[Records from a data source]
>>
lemma orthonormal_T_expansion:
  fixes Tcol :: "nat \<Rightarrow> nat \<Rightarrow> 'a::euclidean_space"
  assumes orth: "orthonormal_T N (N * DIM('a)) Tcol" and i: "i < N"
  shows "u i = (\<Sum>j<N * DIM('a). pinner N (Tcol j) u *\<^sub>R Tcol j i)"
proof -
  define d where "d = N * DIM('a)"
  \<comment> \<open>Entries beyond the horizon are invisible to \<open>pinner N\<close>; truncating them makes the columns
    independent vectors of an \<open>N * DIM('a)\<close>-dimensional space.\<close>
  define trunc :: "(nat \<Rightarrow> 'a) \<Rightarrow> nat \<Rightarrow> 'a" where "trunc g i = (if i < N then g i else 0)" for g i
  define B where "B = (\<lambda>j. trunc (Tcol j)) ` {..<d}"
  have pinner_trunc: "pinner N (trunc g) w = pinner N g w" for g w
    by (rule pinner_cong_left) (simp add: trunc_def)
  have orth': "pinner N (Tcol j) (Tcol j') = (if j = j' then 1 else 0)" if "j < d" "j' < d" for j j'
    using orth that unfolding orthonormal_T_def d_def by blast
  have inj: "inj_on (\<lambda>j. trunc (Tcol j)) {..<d}"
  proof (rule inj_onI)
    fix j j' assume j: "j \<in> {..<d}" "j' \<in> {..<d}" and "trunc (Tcol j) = trunc (Tcol j')"
    then have "pinner N (Tcol j) (Tcol j') = pinner N (Tcol j') (Tcol j')"
      by (metis pinner_trunc)
    then show "j = j'" using orth'[of j j'] orth'[of j' j'] j by (auto split: if_splits)
  qed
  have sum_B: "(\<Sum>v\<in>B. g v) = (\<Sum>j<d. g (trunc (Tcol j)))" for g :: "_ \<Rightarrow> nat \<Rightarrow> 'a"
    unfolding B_def by (rule sum.reindex_cong[OF inj refl refl])
  have coeff: "pinner N (\<Sum>v\<in>B. (\<lambda>i. c v *\<^sub>R v i)) (Tcol j0) = c (trunc (Tcol j0))"
    if "j0 < d" for c j0
  proof -
    have "pinner N (\<Sum>v\<in>B. (\<lambda>i. c v *\<^sub>R v i)) (Tcol j0)
        = (\<Sum>j<d. c (trunc (Tcol j)) * pinner N (Tcol j) (Tcol j0))"
      by (simp add: sum_B pinner_sum_left pinner_scaleR_left pinner_trunc)
    also have "\<dots> = (\<Sum>j<d. if j = j0 then c (trunc (Tcol j)) else 0)"
      by (intro sum.cong) (auto simp: orth' that)
    also have "\<dots> = c (trunc (Tcol j0))"
      using that by simp
    finally show ?thesis .
  qed
  have "plan.independent B"
  proof
    assume "plan.dependent B"
    then obtain c where c: "\<exists>v\<in>B. c v \<noteq> 0" "(\<Sum>v\<in>B. (\<lambda>i. c v *\<^sub>R v i)) = 0"
      using plan.dependent_finite[of B] by (auto simp: B_def)
    then obtain j0 where "j0 < d" "c (trunc (Tcol j0)) \<noteq> 0" unfolding B_def by auto
    with coeff[of j0 c] c(2) show False by (simp add: pinner_def)
  qed
  then have "trunc u \<in> plan.span B"
    using card_image[OF inj]
    by (intro plan_span_of_independent_card_eq) (auto simp: B_def trunc_def d_def)
  then obtain c where c: "trunc u = (\<Sum>v\<in>B. (\<lambda>i. c v *\<^sub>R v i))"
    using plan.span_finite[of B] by (auto simp: B_def)
  have "c (trunc (Tcol j)) = pinner N (Tcol j) u" if "j < d" for j
    by (metis coeff[OF that] c pinner_trunc pinner_commute)
  then have "trunc u i = (\<Sum>j<d. pinner N (Tcol j) u *\<^sub>R trunc (Tcol j) i)"
    by (simp add: c sum_B sum_fun_apply)
  then show ?thesis
    using i by (simp add: trunc_def d_def)
qed

lemma traj_cong: "(\<And>j. j < N \<Longrightarrow> u j = u' j) \<Longrightarrow> i \<le> N \<Longrightarrow> traj f x u i = traj f x u' i"
  by (induction i) auto

lemma ocp_feasible_cong:
  "(\<And>j. j < N \<Longrightarrow> u j = u' j) \<Longrightarrow> ocp_feasible f X U Xf N x u = ocp_feasible f X U Xf N x u'"
  unfolding ocp_feasible_def using traj_cong[of N u u' _ f x] by auto

lemma traj_shift:
  "i < N \<Longrightarrow> traj f (f x (u 0)) (\<lambda>i. if i < N - 1 then u (Suc i) else w) i = traj f x u (Suc i)"
  by (induction i) auto

lemma ocp_feasible_shift:
  assumes feas: "ocp_feasible f X U Xf N x u" and N: "N \<ge> 1" and Xf: "Xf \<subseteq> X"
    and invariant: "\<forall>x\<in>Xf. \<kappa> x \<in> U \<and> f x (\<kappa> x) \<in> Xf"
  shows "ocp_feasible f X U Xf N (f x (u 0))
           (\<lambda>i. if i < N - 1 then u (Suc i) else \<kappa> (traj f x u N))"
    (is "ocp_feasible _ _ _ _ _ ?x' ?u'")
proof -
  have U: "\<And>i. i < N \<Longrightarrow> u i \<in> U" and X: "\<And>i. i < N \<Longrightarrow> traj f x u i \<in> X"
    and terminal: "traj f x u N \<in> Xf"
    using feas unfolding ocp_feasible_def by auto
  have traj': "traj f ?x' ?u' i = traj f x u (Suc i)" if "i < N" for i
    using that by (rule traj_shift)
  have "?u' i \<in> U \<and> traj f ?x' ?u' i \<in> X" if i: "i < N" for i
  proof
    show "?u' i \<in> U"
      using U[of "Suc i"] invariant terminal by auto
    have "traj f x u (Suc i) \<in> X"
      using X[of "Suc i"] terminal Xf i by (metis Suc_lessI subsetD)
    then show "traj f ?x' ?u' i \<in> X"
      using traj'[OF i] by simp
  qed
  moreover have "traj f ?x' ?u' N = f (traj f x u N) (\<kappa> (traj f x u N))"
    using traj'[of "N - 1"] N by (cases N) auto
  then have "traj f ?x' ?u' N \<in> Xf"
    using invariant terminal by simp
  ultimately show ?thesis
    unfolding ocp_feasible_def by blast
qed

lemma as_nmpc_run_guess_feasible:
  assumes run: "as_nmpc_run f l Vf X U Xf \<kappa> N d q Tcol x0 xs uu ut vs mus"
    and "N \<ge> 1" and "Xf \<subseteq> X" and "\<forall>x\<in>Xf. \<kappa> x \<in> U \<and> f x (\<kappa> x) \<in> Xf"
  shows "ocp_feasible f X U Xf N (xs k) (ut k)"
proof (induction k)
  case 0
  then show ?case
    using run unfolding as_nmpc_run_def by simp
next
  case (Suc k)
  have "ocp_feasible f X U Xf N (xs k) (uu k)"
    using run Suc unfolding as_nmpc_run_def red_optimal_def Let_def by (auto split: if_splits)
  then have "ocp_feasible f X U Xf N (f (xs k) (uu k 0))
               (\<lambda>i. if i < N - 1 then uu k (Suc i) else \<kappa> (traj f (xs k) (uu k) N))"
    using assms(2-) by (rule ocp_feasible_shift)
  then show ?case
    using run unfolding as_nmpc_run_def Let_def by simp
qed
<<
Directions for this task
Once the line containing "define d where" has been written out, please stop; every line before it, back to the first line of the records above, should be given exactly.

Your solution
lemma orthonormal_T_expansion:
  fixes Tcol :: "nat \<Rightarrow> nat \<Rightarrow> 'a::euclidean_space"
  assumes orth: "orthonormal_T N (N * DIM('a)) Tcol" and i: "i < N"
  shows "u i = (\<Sum>j<N * DIM('a). pinner N (Tcol j) u *\<^sub>R Tcol j i)"
proof -
  define d where "d = N * DIM('a)"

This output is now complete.